Below are the records; give again exactly the lines that run from the one with "by (rule eventually_mono)" through the last line.

(Saved entries)
========================================

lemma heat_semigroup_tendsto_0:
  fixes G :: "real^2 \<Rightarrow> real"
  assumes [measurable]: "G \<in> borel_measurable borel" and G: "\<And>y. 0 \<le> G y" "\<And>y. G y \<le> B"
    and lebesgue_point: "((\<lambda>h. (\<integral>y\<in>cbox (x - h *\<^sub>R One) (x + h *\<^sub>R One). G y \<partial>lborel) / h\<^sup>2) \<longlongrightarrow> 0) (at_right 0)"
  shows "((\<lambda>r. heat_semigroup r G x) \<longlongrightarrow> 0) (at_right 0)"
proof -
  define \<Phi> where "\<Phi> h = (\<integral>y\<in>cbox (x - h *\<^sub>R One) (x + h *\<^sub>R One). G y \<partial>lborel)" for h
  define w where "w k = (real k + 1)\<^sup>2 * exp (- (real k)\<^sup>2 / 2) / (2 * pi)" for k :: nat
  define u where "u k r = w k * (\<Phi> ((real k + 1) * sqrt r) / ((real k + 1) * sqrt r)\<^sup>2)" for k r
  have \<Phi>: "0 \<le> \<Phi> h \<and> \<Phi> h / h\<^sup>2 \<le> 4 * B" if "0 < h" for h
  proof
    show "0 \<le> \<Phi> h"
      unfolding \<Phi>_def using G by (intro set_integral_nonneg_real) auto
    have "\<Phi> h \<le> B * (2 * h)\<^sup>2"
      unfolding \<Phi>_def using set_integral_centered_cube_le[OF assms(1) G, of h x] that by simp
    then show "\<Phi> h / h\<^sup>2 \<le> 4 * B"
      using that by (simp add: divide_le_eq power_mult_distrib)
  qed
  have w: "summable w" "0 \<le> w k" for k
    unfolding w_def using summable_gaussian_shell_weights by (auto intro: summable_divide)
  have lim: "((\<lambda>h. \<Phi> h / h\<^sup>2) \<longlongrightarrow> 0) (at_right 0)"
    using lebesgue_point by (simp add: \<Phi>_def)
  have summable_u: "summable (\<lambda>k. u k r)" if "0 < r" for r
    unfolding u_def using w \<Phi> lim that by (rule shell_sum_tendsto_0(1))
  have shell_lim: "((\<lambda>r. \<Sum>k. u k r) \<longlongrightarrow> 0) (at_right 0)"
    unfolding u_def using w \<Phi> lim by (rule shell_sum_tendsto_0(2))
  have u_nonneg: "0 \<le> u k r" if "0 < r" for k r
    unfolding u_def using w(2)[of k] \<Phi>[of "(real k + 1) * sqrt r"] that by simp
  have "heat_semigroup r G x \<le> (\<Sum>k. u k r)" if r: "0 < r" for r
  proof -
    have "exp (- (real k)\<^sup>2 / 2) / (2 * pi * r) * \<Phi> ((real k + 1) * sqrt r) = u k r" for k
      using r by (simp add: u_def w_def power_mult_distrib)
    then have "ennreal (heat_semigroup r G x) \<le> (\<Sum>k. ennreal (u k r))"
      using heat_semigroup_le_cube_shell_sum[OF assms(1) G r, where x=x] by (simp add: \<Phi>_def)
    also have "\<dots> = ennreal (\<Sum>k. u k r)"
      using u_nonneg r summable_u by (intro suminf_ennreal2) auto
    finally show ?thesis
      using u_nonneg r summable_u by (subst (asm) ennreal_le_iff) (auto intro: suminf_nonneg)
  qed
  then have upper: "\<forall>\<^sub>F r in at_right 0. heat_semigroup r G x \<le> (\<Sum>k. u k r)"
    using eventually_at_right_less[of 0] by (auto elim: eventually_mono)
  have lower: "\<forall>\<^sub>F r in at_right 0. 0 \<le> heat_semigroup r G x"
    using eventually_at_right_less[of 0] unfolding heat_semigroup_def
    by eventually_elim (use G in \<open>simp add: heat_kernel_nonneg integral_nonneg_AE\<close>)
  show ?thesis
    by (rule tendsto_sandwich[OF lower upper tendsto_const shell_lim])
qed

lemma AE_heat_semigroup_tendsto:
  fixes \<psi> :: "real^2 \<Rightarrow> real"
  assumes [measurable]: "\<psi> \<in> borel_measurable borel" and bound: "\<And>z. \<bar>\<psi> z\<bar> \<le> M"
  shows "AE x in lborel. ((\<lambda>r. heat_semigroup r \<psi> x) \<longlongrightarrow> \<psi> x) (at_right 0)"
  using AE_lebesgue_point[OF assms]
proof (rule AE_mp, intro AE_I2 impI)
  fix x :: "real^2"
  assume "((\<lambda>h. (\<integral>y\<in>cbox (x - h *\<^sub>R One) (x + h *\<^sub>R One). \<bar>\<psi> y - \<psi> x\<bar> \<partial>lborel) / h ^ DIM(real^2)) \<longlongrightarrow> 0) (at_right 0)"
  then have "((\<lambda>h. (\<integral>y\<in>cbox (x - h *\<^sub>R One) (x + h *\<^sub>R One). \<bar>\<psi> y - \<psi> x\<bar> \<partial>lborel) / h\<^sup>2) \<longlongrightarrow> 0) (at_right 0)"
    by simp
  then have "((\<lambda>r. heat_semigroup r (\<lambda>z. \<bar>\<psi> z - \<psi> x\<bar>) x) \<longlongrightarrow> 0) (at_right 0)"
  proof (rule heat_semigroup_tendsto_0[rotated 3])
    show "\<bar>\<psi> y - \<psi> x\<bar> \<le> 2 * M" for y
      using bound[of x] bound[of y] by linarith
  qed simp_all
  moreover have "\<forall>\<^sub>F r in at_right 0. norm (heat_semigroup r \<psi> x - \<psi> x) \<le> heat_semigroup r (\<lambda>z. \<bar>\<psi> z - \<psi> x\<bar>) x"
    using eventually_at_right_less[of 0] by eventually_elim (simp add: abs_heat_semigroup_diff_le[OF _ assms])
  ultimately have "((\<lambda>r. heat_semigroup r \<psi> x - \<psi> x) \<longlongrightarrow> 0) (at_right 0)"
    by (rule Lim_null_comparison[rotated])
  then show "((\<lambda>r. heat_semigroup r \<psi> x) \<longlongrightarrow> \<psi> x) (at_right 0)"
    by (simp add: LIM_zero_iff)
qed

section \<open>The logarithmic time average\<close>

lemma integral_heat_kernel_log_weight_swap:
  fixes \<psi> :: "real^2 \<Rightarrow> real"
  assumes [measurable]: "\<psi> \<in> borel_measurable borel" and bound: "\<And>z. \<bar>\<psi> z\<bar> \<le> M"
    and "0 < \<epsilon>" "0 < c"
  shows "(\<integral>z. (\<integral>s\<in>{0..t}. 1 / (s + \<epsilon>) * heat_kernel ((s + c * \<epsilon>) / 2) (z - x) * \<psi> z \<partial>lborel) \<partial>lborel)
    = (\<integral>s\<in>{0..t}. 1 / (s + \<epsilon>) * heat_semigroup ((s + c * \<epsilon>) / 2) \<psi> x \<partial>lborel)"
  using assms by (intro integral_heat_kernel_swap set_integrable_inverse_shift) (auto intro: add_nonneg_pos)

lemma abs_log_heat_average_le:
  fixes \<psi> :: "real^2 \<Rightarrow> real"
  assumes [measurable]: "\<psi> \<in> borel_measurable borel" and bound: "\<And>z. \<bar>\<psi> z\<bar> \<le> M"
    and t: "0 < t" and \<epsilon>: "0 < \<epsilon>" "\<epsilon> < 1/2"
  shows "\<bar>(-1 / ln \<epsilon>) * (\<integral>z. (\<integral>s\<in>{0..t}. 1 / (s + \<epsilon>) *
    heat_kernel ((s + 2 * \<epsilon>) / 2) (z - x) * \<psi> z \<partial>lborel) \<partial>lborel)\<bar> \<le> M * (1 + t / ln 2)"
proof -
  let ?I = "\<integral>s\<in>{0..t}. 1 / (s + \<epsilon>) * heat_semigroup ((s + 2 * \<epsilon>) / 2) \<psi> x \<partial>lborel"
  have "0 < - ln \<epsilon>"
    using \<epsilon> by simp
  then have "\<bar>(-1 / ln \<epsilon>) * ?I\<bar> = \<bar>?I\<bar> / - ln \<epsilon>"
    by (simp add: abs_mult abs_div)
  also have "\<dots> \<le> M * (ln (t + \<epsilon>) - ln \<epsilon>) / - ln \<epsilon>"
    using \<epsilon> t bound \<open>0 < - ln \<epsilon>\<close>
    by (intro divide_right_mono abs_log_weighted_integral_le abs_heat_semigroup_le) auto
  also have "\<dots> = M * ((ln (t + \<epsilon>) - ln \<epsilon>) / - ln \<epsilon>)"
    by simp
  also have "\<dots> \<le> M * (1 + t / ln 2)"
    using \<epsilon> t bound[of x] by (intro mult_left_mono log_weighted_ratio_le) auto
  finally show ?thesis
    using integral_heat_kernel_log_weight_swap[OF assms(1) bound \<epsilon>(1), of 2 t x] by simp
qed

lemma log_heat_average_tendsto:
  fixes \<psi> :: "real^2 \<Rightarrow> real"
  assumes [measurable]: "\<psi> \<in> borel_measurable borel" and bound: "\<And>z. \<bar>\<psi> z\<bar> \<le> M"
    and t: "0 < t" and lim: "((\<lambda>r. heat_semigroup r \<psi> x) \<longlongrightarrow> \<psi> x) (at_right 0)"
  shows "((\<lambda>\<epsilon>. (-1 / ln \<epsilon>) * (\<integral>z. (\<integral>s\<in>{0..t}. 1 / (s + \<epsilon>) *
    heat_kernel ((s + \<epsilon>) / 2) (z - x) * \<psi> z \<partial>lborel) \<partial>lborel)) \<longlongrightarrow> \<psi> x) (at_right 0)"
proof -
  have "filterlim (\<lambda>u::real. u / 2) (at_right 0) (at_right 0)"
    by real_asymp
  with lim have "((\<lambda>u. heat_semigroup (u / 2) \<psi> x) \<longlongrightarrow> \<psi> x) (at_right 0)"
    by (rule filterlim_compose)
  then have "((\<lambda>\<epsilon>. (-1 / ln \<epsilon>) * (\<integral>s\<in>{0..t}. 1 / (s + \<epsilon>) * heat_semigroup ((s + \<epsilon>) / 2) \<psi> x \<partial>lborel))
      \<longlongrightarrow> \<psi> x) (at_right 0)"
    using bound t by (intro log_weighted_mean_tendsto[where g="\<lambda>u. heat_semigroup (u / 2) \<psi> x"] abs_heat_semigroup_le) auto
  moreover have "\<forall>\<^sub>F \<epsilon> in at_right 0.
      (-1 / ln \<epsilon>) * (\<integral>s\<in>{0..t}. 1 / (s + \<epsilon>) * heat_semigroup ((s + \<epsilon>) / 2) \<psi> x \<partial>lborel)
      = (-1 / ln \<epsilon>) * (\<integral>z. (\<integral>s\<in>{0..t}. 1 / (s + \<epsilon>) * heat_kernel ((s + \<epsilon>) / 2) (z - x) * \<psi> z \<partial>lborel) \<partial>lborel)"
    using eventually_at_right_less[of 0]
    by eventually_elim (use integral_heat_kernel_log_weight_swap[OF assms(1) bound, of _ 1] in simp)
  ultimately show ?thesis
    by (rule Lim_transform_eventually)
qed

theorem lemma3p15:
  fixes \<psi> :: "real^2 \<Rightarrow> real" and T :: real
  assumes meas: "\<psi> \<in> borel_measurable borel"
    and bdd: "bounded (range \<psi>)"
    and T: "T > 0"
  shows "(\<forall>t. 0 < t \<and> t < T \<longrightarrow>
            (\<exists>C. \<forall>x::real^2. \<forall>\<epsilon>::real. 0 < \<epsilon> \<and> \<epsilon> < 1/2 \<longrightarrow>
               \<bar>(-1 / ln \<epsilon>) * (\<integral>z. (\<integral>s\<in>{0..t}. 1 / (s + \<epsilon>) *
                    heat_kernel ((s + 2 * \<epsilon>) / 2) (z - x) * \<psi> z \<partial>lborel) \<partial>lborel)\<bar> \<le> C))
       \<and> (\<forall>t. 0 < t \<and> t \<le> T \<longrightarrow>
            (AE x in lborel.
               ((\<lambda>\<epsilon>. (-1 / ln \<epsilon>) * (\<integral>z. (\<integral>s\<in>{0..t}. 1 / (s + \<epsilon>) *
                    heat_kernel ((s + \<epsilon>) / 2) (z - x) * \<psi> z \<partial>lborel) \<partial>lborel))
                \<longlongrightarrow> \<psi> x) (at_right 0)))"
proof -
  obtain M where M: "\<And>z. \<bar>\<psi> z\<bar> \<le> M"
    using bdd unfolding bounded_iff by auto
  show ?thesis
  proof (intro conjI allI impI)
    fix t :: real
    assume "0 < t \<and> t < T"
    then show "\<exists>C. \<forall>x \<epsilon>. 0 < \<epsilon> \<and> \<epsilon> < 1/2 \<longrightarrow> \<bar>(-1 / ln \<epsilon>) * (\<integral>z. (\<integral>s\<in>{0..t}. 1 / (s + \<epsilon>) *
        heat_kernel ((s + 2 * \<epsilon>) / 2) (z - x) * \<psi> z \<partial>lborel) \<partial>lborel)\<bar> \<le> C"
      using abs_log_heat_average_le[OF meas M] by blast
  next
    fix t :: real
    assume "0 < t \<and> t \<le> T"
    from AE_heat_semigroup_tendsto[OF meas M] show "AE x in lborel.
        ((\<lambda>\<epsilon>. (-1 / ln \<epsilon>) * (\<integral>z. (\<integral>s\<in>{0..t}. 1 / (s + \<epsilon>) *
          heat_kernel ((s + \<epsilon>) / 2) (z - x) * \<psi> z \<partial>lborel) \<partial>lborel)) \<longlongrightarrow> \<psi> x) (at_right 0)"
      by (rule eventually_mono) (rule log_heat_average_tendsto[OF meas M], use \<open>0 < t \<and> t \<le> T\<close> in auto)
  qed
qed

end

========================================

Written response =
      by (rule eventually_mono) (rule log_heat_average_tendsto[OF meas M], use \<open>0 < t \<and> t \<le> T\<close> in auto)
  qed
qed

end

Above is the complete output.